# WHAT YOU NEED TO DO
Restate word for word the lines beginning with the one that contains "using n by (simp" and ending at the bottom of the records below, both included.

# DATA FOR THIS EXERCISE
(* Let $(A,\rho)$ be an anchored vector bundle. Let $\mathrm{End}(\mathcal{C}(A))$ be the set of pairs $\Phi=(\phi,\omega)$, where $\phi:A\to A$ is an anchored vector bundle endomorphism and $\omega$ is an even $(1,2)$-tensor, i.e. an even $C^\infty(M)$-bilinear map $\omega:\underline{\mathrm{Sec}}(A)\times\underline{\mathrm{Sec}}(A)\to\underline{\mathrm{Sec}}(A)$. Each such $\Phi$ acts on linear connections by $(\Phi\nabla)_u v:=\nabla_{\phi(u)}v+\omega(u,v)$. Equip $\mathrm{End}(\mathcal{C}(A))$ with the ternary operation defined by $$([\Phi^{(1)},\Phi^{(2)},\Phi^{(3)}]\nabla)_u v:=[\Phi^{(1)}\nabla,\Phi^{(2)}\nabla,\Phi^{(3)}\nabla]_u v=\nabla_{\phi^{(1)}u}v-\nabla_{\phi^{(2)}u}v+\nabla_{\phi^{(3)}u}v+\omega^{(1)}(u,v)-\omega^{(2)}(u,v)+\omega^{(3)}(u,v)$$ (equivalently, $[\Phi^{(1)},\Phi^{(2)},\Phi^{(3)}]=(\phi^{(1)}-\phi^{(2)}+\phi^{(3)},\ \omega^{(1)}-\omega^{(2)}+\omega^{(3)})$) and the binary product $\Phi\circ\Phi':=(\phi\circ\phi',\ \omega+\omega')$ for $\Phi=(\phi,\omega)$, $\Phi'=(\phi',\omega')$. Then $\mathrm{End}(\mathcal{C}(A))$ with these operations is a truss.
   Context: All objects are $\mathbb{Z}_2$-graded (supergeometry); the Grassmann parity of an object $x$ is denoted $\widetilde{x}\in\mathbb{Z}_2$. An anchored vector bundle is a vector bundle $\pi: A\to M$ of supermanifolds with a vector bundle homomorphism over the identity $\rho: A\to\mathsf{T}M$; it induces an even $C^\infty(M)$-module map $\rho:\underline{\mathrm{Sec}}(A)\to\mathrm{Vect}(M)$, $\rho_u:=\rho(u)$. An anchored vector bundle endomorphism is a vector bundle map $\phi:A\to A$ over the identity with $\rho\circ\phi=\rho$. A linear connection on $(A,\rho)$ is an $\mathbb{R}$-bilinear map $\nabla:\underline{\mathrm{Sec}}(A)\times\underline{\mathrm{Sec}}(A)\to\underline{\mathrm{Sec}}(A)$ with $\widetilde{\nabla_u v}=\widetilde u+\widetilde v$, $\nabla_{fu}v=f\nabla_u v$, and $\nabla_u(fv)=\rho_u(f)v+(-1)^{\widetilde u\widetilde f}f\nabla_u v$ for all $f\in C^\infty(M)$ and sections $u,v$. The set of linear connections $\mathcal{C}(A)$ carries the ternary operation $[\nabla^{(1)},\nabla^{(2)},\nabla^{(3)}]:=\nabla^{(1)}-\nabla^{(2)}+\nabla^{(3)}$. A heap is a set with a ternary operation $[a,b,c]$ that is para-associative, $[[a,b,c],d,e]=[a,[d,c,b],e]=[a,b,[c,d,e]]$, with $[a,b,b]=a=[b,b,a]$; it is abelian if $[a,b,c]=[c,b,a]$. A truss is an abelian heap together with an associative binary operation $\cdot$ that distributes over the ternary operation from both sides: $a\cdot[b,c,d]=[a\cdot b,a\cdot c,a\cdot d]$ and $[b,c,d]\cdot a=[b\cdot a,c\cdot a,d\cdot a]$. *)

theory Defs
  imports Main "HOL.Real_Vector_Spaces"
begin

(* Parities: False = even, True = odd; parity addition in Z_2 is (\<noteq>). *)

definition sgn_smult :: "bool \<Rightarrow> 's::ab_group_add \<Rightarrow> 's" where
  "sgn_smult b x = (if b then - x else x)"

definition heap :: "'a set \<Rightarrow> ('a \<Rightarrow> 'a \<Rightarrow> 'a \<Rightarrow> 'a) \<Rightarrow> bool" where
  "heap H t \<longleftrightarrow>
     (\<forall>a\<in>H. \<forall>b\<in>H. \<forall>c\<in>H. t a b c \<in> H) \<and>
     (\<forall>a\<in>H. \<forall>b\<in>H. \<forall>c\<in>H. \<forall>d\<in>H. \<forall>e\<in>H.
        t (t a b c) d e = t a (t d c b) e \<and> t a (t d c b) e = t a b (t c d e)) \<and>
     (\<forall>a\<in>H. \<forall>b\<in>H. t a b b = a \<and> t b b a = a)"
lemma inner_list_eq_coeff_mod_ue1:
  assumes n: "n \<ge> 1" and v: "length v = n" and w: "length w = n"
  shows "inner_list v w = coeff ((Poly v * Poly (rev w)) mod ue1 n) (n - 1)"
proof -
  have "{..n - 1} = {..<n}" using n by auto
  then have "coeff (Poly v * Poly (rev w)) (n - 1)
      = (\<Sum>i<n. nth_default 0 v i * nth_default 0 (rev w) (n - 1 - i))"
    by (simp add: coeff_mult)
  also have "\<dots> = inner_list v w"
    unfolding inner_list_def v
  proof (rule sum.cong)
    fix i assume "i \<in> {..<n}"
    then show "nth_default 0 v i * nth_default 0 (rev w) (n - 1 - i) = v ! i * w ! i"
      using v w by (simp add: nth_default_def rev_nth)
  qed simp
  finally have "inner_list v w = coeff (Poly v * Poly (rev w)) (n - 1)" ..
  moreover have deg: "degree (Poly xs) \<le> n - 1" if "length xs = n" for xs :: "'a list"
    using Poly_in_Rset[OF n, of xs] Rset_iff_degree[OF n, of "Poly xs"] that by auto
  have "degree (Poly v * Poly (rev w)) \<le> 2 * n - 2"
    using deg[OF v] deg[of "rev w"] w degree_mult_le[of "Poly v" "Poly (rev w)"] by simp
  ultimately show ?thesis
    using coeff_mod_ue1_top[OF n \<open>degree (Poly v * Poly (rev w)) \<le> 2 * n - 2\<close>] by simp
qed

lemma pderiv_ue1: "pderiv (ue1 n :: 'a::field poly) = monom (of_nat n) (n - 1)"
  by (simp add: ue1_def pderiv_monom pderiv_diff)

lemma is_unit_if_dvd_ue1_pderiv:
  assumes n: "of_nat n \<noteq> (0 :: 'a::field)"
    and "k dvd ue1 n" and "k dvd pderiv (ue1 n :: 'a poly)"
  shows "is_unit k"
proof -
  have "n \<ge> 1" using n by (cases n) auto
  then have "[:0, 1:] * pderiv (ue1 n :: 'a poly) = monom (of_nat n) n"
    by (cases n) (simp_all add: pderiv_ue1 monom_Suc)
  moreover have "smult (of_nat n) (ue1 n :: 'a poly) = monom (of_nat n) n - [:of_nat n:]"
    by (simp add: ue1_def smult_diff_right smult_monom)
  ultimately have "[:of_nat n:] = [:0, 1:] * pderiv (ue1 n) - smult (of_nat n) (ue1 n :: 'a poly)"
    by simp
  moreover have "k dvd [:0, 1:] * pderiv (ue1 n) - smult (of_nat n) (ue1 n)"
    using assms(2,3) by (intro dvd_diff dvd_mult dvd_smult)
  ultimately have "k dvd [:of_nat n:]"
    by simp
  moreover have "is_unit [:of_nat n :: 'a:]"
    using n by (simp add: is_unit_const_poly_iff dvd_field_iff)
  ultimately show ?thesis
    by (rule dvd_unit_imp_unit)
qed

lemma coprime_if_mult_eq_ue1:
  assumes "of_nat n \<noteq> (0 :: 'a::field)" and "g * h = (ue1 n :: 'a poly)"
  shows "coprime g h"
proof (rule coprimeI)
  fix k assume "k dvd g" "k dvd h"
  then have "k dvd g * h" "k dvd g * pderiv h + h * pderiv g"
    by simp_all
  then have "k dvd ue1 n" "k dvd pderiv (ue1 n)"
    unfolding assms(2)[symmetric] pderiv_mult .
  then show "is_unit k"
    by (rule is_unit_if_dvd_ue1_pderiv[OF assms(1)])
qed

# RESULT
    using n by (simp add: is_unit_const_poly_iff dvd_field_iff)
  ultimately show ?thesis
    by (rule dvd_unit_imp_unit)
qed

lemma coprime_if_mult_eq_ue1:
  assumes "of_nat n \<noteq> (0 :: 'a::field)" and "g * h = (ue1 n :: 'a poly)"
  shows "coprime g h"
proof (rule coprimeI)
  fix k assume "k dvd g" "k dvd h"
  then have "k dvd g * h" "k dvd g * pderiv h + h * pderiv g"
    by simp_all
  then have "k dvd ue1 n" "k dvd pderiv (ue1 n)"
    unfolding assms(2)[symmetric] pderiv_mult .
  then show "is_unit k"
    by (rule is_unit_if_dvd_ue1_pderiv[OF assms(1)])
qed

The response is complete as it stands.